Although there has been significant progress in a theoretical description of atomic photoionization, the situation with theory in molecular gases is far from being satisfactory. A reliable theoretical description of ionization in molecular gases is complicated due to the complex quantum-mechanical structure of molecules. The main science question of the present project is whether theory can describe photoionization of diatomic molecules, such as those present in air, especially in situations where experimental data do not exist.

The major goal of the project is to develop theoretical methods able to model photoionization of linear molecules (and negatively charged molecular ions). An important broader impact of the proposed research is the development of a web-based platform and a related methodology to teach Quantum Mechanics in studio mode-like classes. The platform allows students and their instructors to perform numerical experiments for all main concepts of Quantum Mechanics.

The photoionization spectrum of molecular nitrogen, N2, will be computed for photon energies above the ionization threshold from the ground vibronic state. Transition dipole moment functions between the N2 ground electronic state and three lowest electronic states of N2+ will be computed and made available to the community. Vibrational and rotation motion of N2 and N2+ will be accounted for as well as non-adiabatic coupling between electronic states of the N2+ ion.

For this purpose, the multichannel quantum defect theory (MQDT) and rovibronic frame transformation will be employed. Using the developed theoretical model of photoionization in N2, cavity-free lasing of N2+, observed in several experimental groups, will be studied. The second objective of the project is to study time-delay and thresholds laws in photodetachment.

The PI will model and study photodetachment spectra of molecular anions, taking into account non-adiabatic effects, interaction of the photoelectron with rotational and vibrational motion of the molecule.
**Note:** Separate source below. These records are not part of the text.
section \<open>Heights and admissible linear forms\<close>

locale good_height =
  fixes V :: "'v set" and E :: "'e set" and src tgt :: "'e \<Rightarrow> 'v"
    and h :: "('v,'e) pt \<Rightarrow> real" and c0 :: "'v + 'e \<Rightarrow> real" and d0 :: real
  assumes finite_V: "finite V" and finite_E: "finite E"
    and ends_in_V: "\<And>f. f \<in> E \<Longrightarrow> src f \<in> V \<and> tgt f \<in> V"
    and standard_below:
      "\<And>p. p \<in> cosmo_points V E src tgt \<Longrightarrow> pairing (Inl ` V \<union> Inr ` E) c0 p + d0 \<le> h p"
    and standard_cell: "eV ` V \<union> eE ` E =
      {p \<in> cosmo_points V E src tgt. pairing (Inl ` V \<union> Inr ` E) c0 p + d0 = h p}"
    and cells_aff_indep:
      "\<And>S. S \<in> regular_subdivision V E (cosmo_points V E src tgt) h \<Longrightarrow> aff_indep S"
begin

abbreviation "points \<equiv> cosmo_points V E src tgt"
abbreviation "coords \<equiv> Inl ` V \<union> Inr ` E"
abbreviation "cells \<equiv> regular_subdivision V E points h"
abbreviation "til \<equiv> eTil src tgt"
abbreviation "lft \<equiv> eLeft src tgt"
abbreviation "rgt \<equiv> eRight src tgt"

definition gap :: "('v,'e) pt \<Rightarrow> real" where
  "gap p = h p - pairing coords c0 p - d0"

definition admissible :: "('v + 'e \<Rightarrow> real) \<Rightarrow> bool" where
  "admissible k \<longleftrightarrow> (\<forall>p\<in>points. pairing coords k p \<le> gap p)"

definition tight :: "('v + 'e \<Rightarrow> real) \<Rightarrow> ('v,'e) pt set" where
  "tight k = {p\<in>points. pairing coords k p = gap p}"

lemma finite_coords: "finite coords"
  using finite_V finite_E by simp

lemma finite_points: "finite points"
  unfolding cosmo_points_def using finite_V finite_E by auto

lemma points_cases:
  assumes "p \<in> points"
  obtains u where "u \<in> V" "p = eV u"
  | f where "f \<in> E" "p = eE f" | f where "f \<in> E" "p = til f"
  | f where "f \<in> E" "p = lft f" | f where "f \<in> E" "p = rgt f"
  using assms unfolding cosmo_points_def by blast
The study will include the dependence of main features in the spectra (such as resonances, threshold behavior...) on the dipole moment of the molecule, the rotational and vibrational structure of the molecule, and the presence of one or several dipolar electronic states.

The study will be performed using a FEM (Finite-element method) code able to treat collisions of electrons with linear molecules, solving the Schrodinger equation for electronic and rovibrational motion of the target at the same time. The time-delay in the photodetachment process will be considered and a scheme to observe the time-delay in photodetachment experiments will be developed.

This award reflects NSF's statutory mission and has been deemed worthy of support through evaluation using the Foundation's intellectual merit and broader impacts review criteria.